- Born: 1840 Governors Island, New York Harbor, New York, U.S.
- Died: August 20, 1889 (aged 49) Jackson Barracks near New Orleans, Louisiana, U.S.
- Place of burial: Chalmette National Cemetery
- Allegiance: United States of America Union
- Branch: Army Medical Department
- Service years: 1861–1889
- Rank: Major
- Unit: 17th New York Volunteers
- Conflicts: American Civil War
- Relations: Harvey Brown
- Other work: Military historian

= Harvey E. Brown Jr. =

American military officer and surgeon

Dr. Harvey E. Brown Jr. (1840 – August 20, 1889) was an American military officer and army surgeon. The son of Major General Harvey Brown, he entered the U.S. Army shortly after graduation from the University of New York and had a distinguished career as an army surgeon with the 17th New York Volunteers, part of the famed "Excelsior Brigade", under General Daniel Sickles during the American Civil War. He was surgeon of volunteers for three years before transferring to the Regular Army on April 13, 1863.

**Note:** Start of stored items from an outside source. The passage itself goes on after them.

lemma poisson_integrand_absolutely_integrable_tail:
  assumes "R \<ge> y0" "norm z < R"
  shows "poisson_integrand h z absolutely_integrable_on {R..}"
proof (rule measurable_bounded_by_integrable_imp_absolutely_integrable)
  show "poisson_integrand h z \<in> borel_measurable (lebesgue_on {R..})"
    using assms by (intro continuous_imp_measurable_on_sets_lebesgue continuous_on_poisson_integrand
        real_square_plus_square_nonzero_if_norm_less) auto
  have "R > 0" using assms y0 by linarith
  then show "(\<lambda>y. K * R\<^sup>2 / (R\<^sup>2 - (norm z)\<^sup>2) * y powr (\<theta> - 2)) integrable_on {R..}"
    using has_integral_powr_tail [OF theta] by blast
  show "norm (poisson_integrand h z y) \<le> K * R\<^sup>2 / (R\<^sup>2 - (norm z)\<^sup>2) * y powr (\<theta> - 2)"
    if "y \<in> {R..}" for y
    using norm_poisson_integrand_le [OF assms(1) _ order_refl assms(2)] that by auto
qed simp

lemma poisson_integrand_integrable_tail:
  "R \<ge> y0 \<Longrightarrow> norm z < R \<Longrightarrow> poisson_integrand h z integrable_on {R..}"
  using poisson_integrand_absolutely_integrable_tail set_lebesgue_integral_eq_integral(1) by blast

lemma poisson_integrand_integrable_segment:
  "norm z < a \<Longrightarrow> poisson_integrand h z integrable_on {a..b}"
  by (intro integrable_continuous_interval continuous_on_poisson_integrand
      real_square_plus_square_nonzero_if_norm_less) auto

lemma poisson_integrand_absolutely_integrable:
  assumes "Re z > 0"
  shows "poisson_integrand h z absolutely_integrable_on {0..}"
proof -
  define R where "R = max y0 (norm z + 1)"
  have "poisson_integrand h z absolutely_integrable_on ({0..R} \<union> {R..})"
  proof (rule absolutely_integrable_Un)
    show "poisson_integrand h z absolutely_integrable_on {0..R}"
      using assms by (intro absolutely_integrable_continuous_real continuous_on_poisson_integrand
          real_square_plus_square_nonzero) auto
    show "poisson_integrand h z absolutely_integrable_on {R..}"
      by (rule poisson_integrand_absolutely_integrable_tail) (auto simp: R_def)
  qed
  moreover have "{0..R} \<union> {R..} = {0..}" using y0 by (auto simp: R_def)
  ultimately show ?thesis by simp
qed

lemma norm_tail_integral_le:
  assumes "R \<ge> y0" "norm z \<le> r" "r < R" "b \<ge> R"
  shows "norm (integral {b..} (poisson_integrand h z))
           \<le> K * R\<^sup>2 / (R\<^sup>2 - r\<^sup>2) * b powr (\<theta> - 1) / (1 - \<theta>)"
proof -
  have "b > 0" using assms y0 by linarith
  have majorant: "((\<lambda>y. K * R\<^sup>2 / (R\<^sup>2 - r\<^sup>2) * y powr (\<theta> - 2))
                    has_integral K * R\<^sup>2 / (R\<^sup>2 - r\<^sup>2) * b powr (\<theta> - 1) / (1 - \<theta>)) {b..}"
    using has_integral_powr_tail [OF theta \<open>b > 0\<close>] .
  have "norm (integral {b..} (poisson_integrand h z))
          \<le> integral {b..} (\<lambda>y. K * R\<^sup>2 / (R\<^sup>2 - r\<^sup>2) * y powr (\<theta> - 2))"
  proof (rule integral_norm_bound_integral)
    show "poisson_integrand h z integrable_on {b..}"
      by (rule poisson_integrand_integrable_tail) (use assms in auto)
    show "(\<lambda>y. K * R\<^sup>2 / (R\<^sup>2 - r\<^sup>2) * y powr (\<theta> - 2)) integrable_on {b..}"
      using majorant by blast
    show "norm (poisson_integrand h z y) \<le> K * R\<^sup>2 / (R\<^sup>2 - r\<^sup>2) * y powr (\<theta> - 2)"
      if "y \<in> {b..}" for y
      using norm_poisson_integrand_le [OF assms(1) _ assms(2,3)] that assms(4) by auto
  qed
  also have "\<dots> = K * R\<^sup>2 / (R\<^sup>2 - r\<^sup>2) * b powr (\<theta> - 1) / (1 - \<theta>)"
    using majorant by (rule integral_unique)
  finally show ?thesis .
qed

lemma segment_integral_holomorphic:
  "(\<lambda>z. integral {a..b} (poisson_integrand h z)) holomorphic_on ball 0 a"
proof -
  have nonzero: "(complex_of_real t)\<^sup>2 + z\<^sup>2 \<noteq> 0" if "z \<in> ball 0 a" "t \<in> cbox a b" for z t
    using that by (intro real_square_plus_square_nonzero_if_norm_less) auto
  have "(\<lambda>z. integral (cbox a b) (poisson_integrand h z)) holomorphic_on ball 0 a"
  proof (rule leibniz_rule_holomorphic)
    show "((\<lambda>z. poisson_integrand h z t) has_field_derivative
            - h (complex_of_real t) * (2 * z) / ((complex_of_real t)\<^sup>2 + z\<^sup>2)\<^sup>2) (at z within ball 0 a)"
      if "z \<in> ball 0 a" "t \<in> cbox a b" for z t
      using nonzero [OF that] unfolding poisson_integrand_def
      by (auto intro!: derivative_eq_intros simp: power2_eq_square field_simps)
    show "poisson_integrand h z integrable_on cbox a b" if "z \<in> ball 0 a" for z
      using poisson_integrand_integrable_segment that by simp
    show "continuous_on (ball 0 a \<times> cbox a b)
            (\<lambda>(z, t). - h (complex_of_real t) * (2 * z) / ((complex_of_real t)\<^sup>2 + z\<^sup>2)\<^sup>2)"
      unfolding split_beta
      by (intro continuous_intros continuous_on_compose2 [OF continuous]) (use nonzero in auto)
  qed simp
  then show ?thesis by simp
qed

lemma tail_integral_uniform_limit:
  assumes "R \<ge> y0" "r < R"
  shows "uniform_limit (cball 0 r) (\<lambda>n z. integral {R..R + real n} (poisson_integrand h z))
           (\<lambda>z. integral {R..} (poisson_integrand h z)) sequentially"
  unfolding uniform_limit_iff
proof (intro allI impI)
  fix e :: real
  assume "e > 0"
  define C where "C = K * R\<^sup>2 / (R\<^sup>2 - r\<^sup>2)"
  have "filterlim (\<lambda>n::nat. R + real n) at_top sequentially" by real_asymp
  then have "((\<lambda>n::nat. C * (R + real n) powr (\<theta> - 1) / (1 - \<theta>)) \<longlongrightarrow> C * 0 / (1 - \<theta>)) sequentially"
    using theta by (intro tendsto_intros tendsto_neg_powr) auto
  then have "\<forall>\<^sub>F n in sequentially. C * (R + real n) powr (\<theta> - 1) / (1 - \<theta>) < e"
    using \<open>e > 0\<close> by (simp add: order_tendsto_iff)
  then show "\<forall>\<^sub>F n in sequentially. \<forall>z\<in>cball 0 r.
               dist (integral {R..R + real n} (poisson_integrand h z))
                 (integral {R..} (poisson_integrand h z)) < e"
  proof eventually_elim
    case (elim n)
    show ?case
    proof
      fix z :: complex
      assume "z \<in> cball 0 r"
      then have "norm z < R" using assms by simp
      have "integral {R..} (poisson_integrand h z)
              = integral {R..R + real n} (poisson_integrand h z)
                + integral {R + real n..} (poisson_integrand h z)"
        using \<open>norm z < R\<close> assms
        by (intro integral_unique has_integral_atLeast_split poisson_integrand_integrable_segment
            poisson_integrand_integrable_tail) auto
      moreover have "norm (integral {R + real n..} (poisson_integrand h z))
                       \<le> C * (R + real n) powr (\<theta> - 1) / (1 - \<theta>)"
        unfolding C_def using \<open>z \<in> cball 0 r\<close> assms by (intro norm_tail_integral_le) auto
      ultimately show "dist (integral {R..R + real n} (poisson_integrand h z))
                         (integral {R..} (poisson_integrand h z)) < e"
        using elim by (simp add: dist_norm)
    qed
  qed
qed

lemma tail_integral_holomorphic:
  assumes "R \<ge> y0"
  shows "(\<lambda>z. integral {R..} (poisson_integrand h z)) holomorphic_on ball 0 R"
proof -
  have "(\<lambda>z. integral {R..} (poisson_integrand h z)) field_differentiable at z" if "z \<in> ball 0 R" for z
  proof -
    define r where "r = (norm z + R) / 2"
    have "r < R" "z \<in> ball 0 r" using that by (auto simp: r_def)
    have segment: "(\<lambda>z. integral {R..R + real n} (poisson_integrand h z)) holomorphic_on cball 0 r" for n
      using segment_integral_holomorphic by (rule holomorphic_on_subset) (use \<open>r < R\<close> in auto)
    then have "\<forall>\<^sub>F n in sequentially.
                 continuous_on (cball 0 r) (\<lambda>z. integral {R..R + real n} (poisson_integrand h z))
                 \<and> (\<lambda>z. integral {R..R + real n} (poisson_integrand h z)) holomorphic_on ball 0 r"
      by (auto intro!: always_eventually holomorphic_on_imp_continuous_on
          intro: holomorphic_on_subset [OF segment ball_subset_cball])
    with holomorphic_uniform_limit [OF _ tail_integral_uniform_limit [OF assms \<open>r < R\<close>]]
    have "(\<lambda>z. integral {R..} (poisson_integrand h z)) holomorphic_on ball 0 r" by auto
    with \<open>z \<in> ball 0 r\<close> show ?thesis using holomorphic_on_imp_differentiable_at by blast
  qed
  then show ?thesis by (simp add: holomorphic_on_open field_differentiable_def)
qed

end

definition lower_semicircle :: "real \<Rightarrow> real \<Rightarrow> complex" where
  "lower_semicircle R = part_circlepath 0 R pi (2 * pi)"

lemma pathstart_lower_semicircle [simp]: "pathstart (lower_semicircle R) = - complex_of_real R"
  by (simp add: lower_semicircle_def)

lemma pathfinish_lower_semicircle [simp]: "pathfinish (lower_semicircle R) = complex_of_real R"
proof -
  have "exp (\<i> * (2 * complex_of_real pi)) = 1" using exp_two_pi_i by (simp add: mult.commute)
  then show ?thesis by (simp add: lower_semicircle_def)
qed

lemma valid_path_lower_semicircle [simp]: "valid_path (lower_semicircle R)"
  by (simp add: lower_semicircle_def)

lemma path_image_lower_semicircle_subset_sphere:
  "R \<ge> 0 \<Longrightarrow> path_image (lower_semicircle R) \<subseteq> sphere 0 R"
  unfolding lower_semicircle_def by (rule path_image_part_circlepath_subset) auto

lemma Im_le_0_on_lower_semicircle:
  assumes "R \<ge> 0" "w \<in> path_image (lower_semicircle R)"
  shows "Im w \<le> 0"
proof -
  obtain x where x: "pi \<le> x" "x \<le> 2 * pi" "w = complex_of_real R * exp (\<i> * complex_of_real x)"
    using assms(2) by (auto simp: lower_semicircle_def path_image_part_circlepath)
  have "sin x \<le> 0"
    using x by (cases "x = 2 * pi") (auto intro: sin_le_zero)
  then show ?thesis using x assms(1) by (simp add: Im_exp mult_nonneg_nonpos)
qed

lemma poisson_integral_segment_eq_linepath_integral:
  assumes continuous: "continuous_on UNIV h" and even: "\<And>z. h (- z) = h z"
    and "Re z \<noteq> 0" "R > 0"
  shows "z * integral {0..R} (poisson_integrand h z)
           = contour_integral (linepath (- complex_of_real R) (complex_of_real R)) (\<lambda>w. h w / (w - \<i> * z)) / (2 * \<i>)"
proof -
  define q where "q = (\<lambda>x. h (complex_of_real x) / (complex_of_real x - \<i> * z))"
  have "z \<noteq> 0" using assms by auto
  have "complex_of_real x - \<i> * z \<noteq> 0" for x
    using \<open>Re z \<noteq> 0\<close> by (auto simp: complex_eq_iff)
  then have cont_q: "continuous_on A q" for A
    unfolding q_def by (intro continuous_intros continuous_on_compose2 [OF continuous]) auto
  have pair: "q x + q (- x) = 2 * \<i> * z * poisson_integrand h z x" for x
  proof -
    define a b where "a = complex_of_real x - \<i> * z" and "b = complex_of_real x + \<i> * z"
    have "a \<noteq> 0" "b \<noteq> 0" using \<open>Re z \<noteq> 0\<close> by (auto simp: a_def b_def complex_eq_iff)
    have "b - a = 2 * \<i> * z" "a * b = (complex_of_real x)\<^sup>2 + z\<^sup>2"
      by (simp_all add: a_def b_def algebra_simps power2_eq_square)
    have "q x + q (- x) = h (complex_of_real x) / a + h (complex_of_real x) / (- b)"
      using even [of "complex_of_real x"] by (simp add: q_def a_def b_def)
    also have "\<dots> = h (complex_of_real x) * (b - a) / (a * b)"
      using \<open>a \<noteq> 0\<close> \<open>b \<noteq> 0\<close> by (simp add: field_simps)
    also have "\<dots> = 2 * \<i> * z * poisson_integrand h z x"
      by (simp add: \<open>b - a = 2 * \<i> * z\<close> \<open>a * b = _\<close> poisson_integrand_def)
    finally show ?thesis .
  qed
  define I_pos where "I_pos = integral {0..R} q"
  define I_neg where "I_neg = integral {0..R} (\<lambda>x. q (- x))"
  have pos: "(q has_integral I_pos) {0..R}"
    unfolding I_pos_def by (intro integrable_integral integrable_continuous_interval cont_q)
  have neg: "((\<lambda>x. q (- x)) has_integral I_neg) {0..R}"
    unfolding I_neg_def by (intro integrable_integral integrable_continuous_interval
        continuous_on_compose2 [OF cont_q] continuous_intros) auto
  have "(q has_integral I_neg + I_pos) {-R..R}"
    using has_integral_reflect_real [where f = q and i = I_neg and a = "- R" and b = 0] neg pos \<open>R > 0\<close>
    by (intro has_integral_combine [of "-R" 0 R]) auto
  moreover have "contour_integral (linepath (- complex_of_real R) (complex_of_real R)) (\<lambda>w. h w / (w - \<i> * z))
                   = integral {-R..R} q"
    using contour_integral_linepath_Reals_eq [of "- complex_of_real R" "complex_of_real R"] \<open>R > 0\<close>
    by (simp add: q_def)
  ultimately have linepath: "contour_integral (linepath (- complex_of_real R) (complex_of_real R))
                               (\<lambda>w. h w / (w - \<i> * z)) = I_neg + I_pos"
    by (simp add: integral_unique)
  have "((\<lambda>x. 2 * \<i> * z * poisson_integrand h z x) has_integral I_pos + I_neg) {0..R}"
    using has_integral_add [OF pos neg] by (simp add: pair)
  then have "((\<lambda>x. 2 * \<i> * z * poisson_integrand h z x / (2 * \<i> * z))
               has_integral (I_pos + I_neg) / (2 * \<i> * z)) {0..R}"
    by (rule has_integral_divide)
  then have "(poisson_integrand h z has_integral (I_pos + I_neg) / (2 * \<i> * z)) {0..R}"
    using \<open>z \<noteq> 0\<close> by simp
  then show ?thesis using linepath \<open>z \<noteq> 0\<close> by (simp add: integral_unique field_simps)
qed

He also saw extensive service during several major yellow fever epidemics in the southeastern United States during Reconstruction and later wrote an important research report on the subject, "More Efficient System of Quarantine on the Southern and Gulf Coasts", in 1873. He was considered one of the foremost experts in the field during his 25-year career. A member of the Surgeon General's office in later years, he became a military historian detailing the history of the U.S. Army Medical Department in "The Medical Department of the United States Army from 1775 to 1873". He was promoted to major in 1881. Brown died from consumption at the Jackson Barracks near New Orleans, Louisiana on August 20, 1889, and buried at the Chalmette National Cemetery two days later.